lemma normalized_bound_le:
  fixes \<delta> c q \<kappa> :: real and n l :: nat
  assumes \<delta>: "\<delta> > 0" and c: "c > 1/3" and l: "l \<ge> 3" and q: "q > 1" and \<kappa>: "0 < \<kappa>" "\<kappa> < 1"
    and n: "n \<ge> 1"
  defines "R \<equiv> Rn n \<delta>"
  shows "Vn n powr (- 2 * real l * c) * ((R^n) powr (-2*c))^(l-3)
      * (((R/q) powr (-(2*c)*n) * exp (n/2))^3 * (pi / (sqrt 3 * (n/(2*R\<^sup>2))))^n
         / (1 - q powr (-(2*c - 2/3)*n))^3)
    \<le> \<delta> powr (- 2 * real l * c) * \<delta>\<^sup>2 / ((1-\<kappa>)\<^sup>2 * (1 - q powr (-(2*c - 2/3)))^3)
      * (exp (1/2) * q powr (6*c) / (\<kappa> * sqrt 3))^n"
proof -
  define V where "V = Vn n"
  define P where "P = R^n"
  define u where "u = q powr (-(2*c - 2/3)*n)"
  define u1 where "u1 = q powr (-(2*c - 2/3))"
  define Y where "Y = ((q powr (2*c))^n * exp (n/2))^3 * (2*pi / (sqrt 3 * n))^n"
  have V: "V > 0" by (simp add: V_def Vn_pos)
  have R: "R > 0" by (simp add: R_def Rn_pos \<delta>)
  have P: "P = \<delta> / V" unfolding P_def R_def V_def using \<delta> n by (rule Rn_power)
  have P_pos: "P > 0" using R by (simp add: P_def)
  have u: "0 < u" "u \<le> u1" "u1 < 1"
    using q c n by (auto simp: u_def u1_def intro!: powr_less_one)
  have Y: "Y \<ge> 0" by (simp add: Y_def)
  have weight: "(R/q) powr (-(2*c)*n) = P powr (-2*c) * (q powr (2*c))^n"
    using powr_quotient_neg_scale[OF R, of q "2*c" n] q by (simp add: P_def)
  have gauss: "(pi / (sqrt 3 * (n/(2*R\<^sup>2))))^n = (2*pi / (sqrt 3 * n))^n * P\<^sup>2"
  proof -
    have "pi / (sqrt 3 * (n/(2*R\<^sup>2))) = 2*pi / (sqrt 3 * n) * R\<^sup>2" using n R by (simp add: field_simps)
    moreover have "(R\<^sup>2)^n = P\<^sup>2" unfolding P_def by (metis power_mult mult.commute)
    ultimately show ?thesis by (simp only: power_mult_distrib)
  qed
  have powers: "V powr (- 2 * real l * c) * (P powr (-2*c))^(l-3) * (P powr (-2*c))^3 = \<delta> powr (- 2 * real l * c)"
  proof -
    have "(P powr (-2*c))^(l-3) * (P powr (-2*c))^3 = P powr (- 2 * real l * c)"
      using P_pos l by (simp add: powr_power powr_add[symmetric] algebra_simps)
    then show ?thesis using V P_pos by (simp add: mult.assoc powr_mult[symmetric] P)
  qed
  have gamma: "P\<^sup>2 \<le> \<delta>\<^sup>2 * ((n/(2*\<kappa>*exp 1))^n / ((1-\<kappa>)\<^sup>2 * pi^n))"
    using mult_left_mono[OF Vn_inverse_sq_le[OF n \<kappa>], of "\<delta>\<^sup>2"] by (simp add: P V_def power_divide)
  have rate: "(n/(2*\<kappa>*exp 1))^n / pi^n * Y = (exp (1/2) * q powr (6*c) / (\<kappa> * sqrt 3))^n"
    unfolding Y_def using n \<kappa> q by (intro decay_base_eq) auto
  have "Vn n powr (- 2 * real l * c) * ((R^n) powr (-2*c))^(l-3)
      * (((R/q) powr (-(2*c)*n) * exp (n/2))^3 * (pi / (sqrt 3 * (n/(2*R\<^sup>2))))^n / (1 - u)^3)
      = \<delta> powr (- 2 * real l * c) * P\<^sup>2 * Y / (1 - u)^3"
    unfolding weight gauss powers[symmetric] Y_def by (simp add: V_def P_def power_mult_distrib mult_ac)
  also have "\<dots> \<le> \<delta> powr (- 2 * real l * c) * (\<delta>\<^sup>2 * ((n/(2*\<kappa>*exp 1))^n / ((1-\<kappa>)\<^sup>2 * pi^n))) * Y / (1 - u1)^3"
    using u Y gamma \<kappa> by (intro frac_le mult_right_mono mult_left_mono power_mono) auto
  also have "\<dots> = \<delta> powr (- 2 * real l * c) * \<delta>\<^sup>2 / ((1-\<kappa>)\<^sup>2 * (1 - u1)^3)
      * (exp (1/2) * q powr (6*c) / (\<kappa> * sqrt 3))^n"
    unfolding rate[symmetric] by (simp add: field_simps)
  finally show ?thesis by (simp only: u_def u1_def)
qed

==========

**Your goal**
From the data above, copy each line with the string "only" in it.

**Exercise solution**
    ultimately show ?thesis by (simp only: power_mult_distrib)
  finally show ?thesis by (simp only: u_def u1_def)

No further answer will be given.